The answers are philosophical ideas, religious beliefs, myths and legends.

Implicit in the scientific community is an existential nihilism. These are
difficult words to say that there is no proof that life has any purpose or any
objective meaning, nor is there any proof of the purpose of the universe.
Which is very true: there is no proof. Although that doesn’t prove anything
either.
Furthermore, if the world is created by blind forces without meaning or
purpose, it becomes difficult to maintain values based on subjective,
changing, unpredictable human agreements.

The great religions sought to avoid this situation by means of precepts given
by God himself, according to dogma, to govern human conduct.
This worked pretty well for millennia. If the stars revolved around us day
and night, we were the center of creation. Therefore, God was certainly
aware of us, contemplating and judging our actions.

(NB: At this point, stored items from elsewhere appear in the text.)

lemma bij_betw_mset_of_composition:
  assumes \<phi>: "bij_betw \<phi> {..<k} K"
  shows "bij_betw (mset_of_composition \<phi> k) (compositions k n) {M. set_mset M \<subseteq> K \<and> size M = n}"
proof (rule bij_betw_byWitness[where f' = "\<lambda>M. \<lambda>i\<in>{..<k}. count M (\<phi> i)"])
  have inj: "inj_on \<phi> {..<k}" and K: "K = \<phi> ` {..<k}"
    using \<phi> by (auto simp: bij_betw_def)
  show "\<forall>c\<in>compositions k n. (\<lambda>i\<in>{..<k}. count (mset_of_composition \<phi> k c) (\<phi> i)) = c"
    by (auto simp: compositions_def count_mset_of_composition[OF inj] PiE_def extensional_def)
  show "\<forall>M\<in>{M. set_mset M \<subseteq> K \<and> size M = n}.
          mset_of_composition \<phi> k (\<lambda>i\<in>{..<k}. count M (\<phi> i)) = M"
  proof (intro ballI multiset_eqI)
    fix M x assume M: "M \<in> {M. set_mset M \<subseteq> K \<and> size M = n}"
    show "count (mset_of_composition \<phi> k (\<lambda>i\<in>{..<k}. count M (\<phi> i))) x = count M x"
    proof (cases "x \<in> K")
      case True
      then obtain j where "j < k" "x = \<phi> j" using K by auto
      then show ?thesis by (simp add: count_mset_of_composition[OF inj])
    next
      case False
      then have "x \<notin># M" "x \<notin># mset_of_composition \<phi> k (\<lambda>i\<in>{..<k}. count M (\<phi> i))"
        using M set_mset_of_composition[of \<phi> k] K by blast+
      then show ?thesis by (simp add: not_in_iff)
    qed
  qed
  show "mset_of_composition \<phi> k ` compositions k n \<subseteq> {M. set_mset M \<subseteq> K \<and> size M = n}"
    using set_mset_of_composition[of \<phi> k] K
    by (auto simp: size_mset_of_composition compositions_def)
  show "(\<lambda>M. \<lambda>i\<in>{..<k}. count M (\<phi> i)) ` {M. set_mset M \<subseteq> K \<and> size M = n} \<subseteq> compositions k n"
  proof (rule image_subsetI)
    fix M assume "M \<in> {M. set_mset M \<subseteq> K \<and> size M = n}"
    then have M: "set_mset M \<subseteq> K" "n = size M" by simp_all
    have sum: "(\<Sum>i<k. count M (\<phi> i)) = size M"
      using sum_count_eq_size[of K M] sum.reindex[OF inj, of "count M"] M(1) K by simp
    moreover have "count M (\<phi> i) \<le> size M" if "i < k" for i
      using that sum member_le_sum[of i "{..<k}" "\<lambda>i. count M (\<phi> i)"] by simp
    ultimately show "(\<lambda>i\<in>{..<k}. count M (\<phi> i)) \<in> compositions k n"
      using M(2) by (simp add: compositions_def)
  qed
qed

But that picture has changed. The technology of large telescopes and space
probes confirmed, definitively, that we are not the center of any creation nor
the center of the universe.

What’s more, it revealed the size of that universe with billions of galaxies,
where each one is like an ocean of suns with countless numbers of planets.

We currently know that our world is a speck of dust at infinity.
At this time we are coming, I think, to the end of the childhood of reason.

That is why I show a paradigm that can be placed between nihilism and
dogmas. A millenary idea of the world maintained for generations through
chains of knowledge of instructors and practitioners.

They talked about galaxies long before large telescopes and also about the
relative perception of time, as relativistic physics did later.

They described a type of matter that does not evolve in time and does not
exist in our world, much like what we now call black holes.

Finally, they said that the universe is a living, conscious entity in very
different degrees. A gigantic web of existence on every level.

That age-old paradigm is a mental model that has a strange consistency.
It would be worth considering, in addition to the current ones.